Data entries:

lemma card_seed: "card seed = 2*m + j"
proof -
  have rows: "{y \<in> {1..h}. seed_row y} = {1..2*m} \<union> (*) 2 ` {m+1..m+j}"
  proof (intro equalityI subsetI)
    fix y assume "y \<in> {y \<in> {1..h}. seed_row y}"
    then show "y \<in> {1..2*m} \<union> (*) 2 ` {m+1..m+j}"
      unfolding seed_row_def by (auto intro!: image_eqI[of y _ "y div 2"])
  qed (use cap_pos in \<open>auto simp: seed_row_def\<close>)
  have "card ({1..2*m} \<union> (*) 2 ` {m+1..m+j}) = 2*m + j"
    by (subst card_Un_disjoint) (auto simp: card_image inj_on_def)
  then show ?thesis unfolding seed_def rows by (simp add: card_image inj_on_def)
qed

lemma zero_forcing_set_seed: "zero_forcing_set verts edge seed"
  by (rule forcing_schedule_zero_forcing_set[OF forcing_schedule_seed seed_subset])
    (simp add: verts_def)

end

section \<open>The bounds\<close>

lemma hprod_adj_path_reflect:
  assumes "a \<in> {1..w}" "c \<in> {1..w}"
  shows "hprod_adj path_adj {w-m+1..w} adjH (w+1-a, b) (w+1-c, d)
           = hprod_adj path_adj {1..m} adjH (a, b) (c, d)"
proof -
  have "w+1-a = w+1-c \<longleftrightarrow> a = c" "w+1-a \<in> {w-m+1..w} \<longleftrightarrow> a \<in> {1..m}"
    "path_adj (w+1-a) (w+1-c) \<longleftrightarrow> path_adj a c"
    using assms unfolding path_adj_def by auto
  then show ?thesis unfolding hprod_adj_def by simp
qed

lemma (in left_rooted_product) zero_forcing_number_le:
  assumes "U = {1..m} \<or> U = {w - m + 1..w}"
  shows "zero_forcing_number (hprod_verts {1..w} {1..h}) (hprod_adj path_adj U (cycle_adj h)) \<le> 2*m + j"
  using assms
proof
  assume "U = {1..m}"
  then show ?thesis
    using zero_forcing_number_le_card[OF zero_forcing_set_seed] card_seed
    unfolding verts_def edge_def hprod_verts_def by simp
next
  assume U: "U = {w - m + 1..w}"
  define g where "g p = (w + 1 - fst p, snd p)" for p :: "nat \<times> nat"
  have g_verts: "g p \<in> verts" and g_invol: "g (g p) = p" if "p \<in> verts" for p
    using that unfolding g_def verts_def by auto
  have "hprod_adj path_adj U (cycle_adj h) (g p) (g q) = edge p q" if "p \<in> verts" "q \<in> verts" for p q
  proof -
    obtain a b c d where "p = (a, b)" "q = (c, d)" by fastforce
    then show ?thesis using that hprod_adj_path_reflect[of a w c m "cycle_adj h" b d]
      unfolding U g_def edge_def verts_def by simp
  qed
  then have sched: "forcing_schedule verts (hprod_adj path_adj U (cycle_adj h)) (g ` seed) (case_prod time \<circ> g)"
    using forcing_schedule_iso[OF g_verts g_verts g_invol g_invol _ forcing_schedule_seed] by blast
  have "g ` seed \<subseteq> verts" using seed_subset g_verts by blast
  with sched have "zero_forcing_set verts (hprod_adj path_adj U (cycle_adj h)) (g ` seed)"
    by (rule forcing_schedule_zero_forcing_set) (simp add: verts_def)
  moreover have "card (g ` seed) = card seed"
    using seed_subset g_invol by (intro card_image inj_on_inverseI[of _ g]) auto
  ultimately show ?thesis
    using zero_forcing_number_le_card card_seed unfolding verts_def hprod_verts_def by metis
qed

theorem mainTheorem7:
  fixes w h m :: nat and U :: "nat set"
  assumes "w \<ge> 2" and "h \<ge> 3" and "1 \<le> m" and "m < w"
    and "U = {1..m} \<or> U = {w - m + 1..w}"
  defines "Z \<equiv> zero_forcing_number (hprod_verts {1..w} {1..h})
                  (hprod_adj path_adj U (cycle_adj h))"
  shows "(h \<le> 2 * m \<longrightarrow> Z \<le> h)
       \<and> (2 * m < h \<and> h < 4 * m \<longrightarrow> Z \<le> 2 * m)
       \<and> (h > 4 * m \<longrightarrow> int Z \<le> \<lceil>real h / 2\<rceil>)"
proof (intro conjI impI)
  show "Z \<le> h"
    unfolding Z_def using zero_forcing_number_hprod_path_le[of w "{1..h}"] assms by simp
next
  assume "2 * m < h \<and> h < 4 * m"
  then interpret left_rooted_product w h m 0 by unfold_locales (use assms in auto)
  show "Z \<le> 2 * m" unfolding Z_def using zero_forcing_number_le assms(5) by simp
next
  assume "h > 4 * m"
  define q where "q = (h + 1) div 2"
  have q: "2 * q \<le> h + 1" "h \<le> 2 * q" unfolding q_def by presburger+
  define j where "j = q - 2 * m"
  have "2 * m + 2 * j < h" "h \<le> 4 * m + 2 * j"
    using q assms(3) \<open>h > 4 * m\<close> unfolding j_def by linarith+
  then interpret left_rooted_product w h m j by unfold_locales (use assms in auto)
  have "Z \<le> 2 * m + j" unfolding Z_def using zero_forcing_number_le assms(5) by simp
  then have "2 * Z \<le> h + 1" using q \<open>h > 4 * m\<close> unfolding j_def by linarith
  then have "real_of_int (int Z) - 1 < real h / 2" by (simp add: field_simps)
  then show "int Z \<le> \<lceil>real h / 2\<rceil>" by (simp add: le_ceiling_iff)
qed

end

PROMPT: Set apart and copy each line of the records that holds the word "adjH".

ANSWER SPACE:
  shows "hprod_adj path_adj {w-m+1..w} adjH (w+1-a, b) (w+1-c, d)
           = hprod_adj path_adj {1..m} adjH (a, b) (c, d)"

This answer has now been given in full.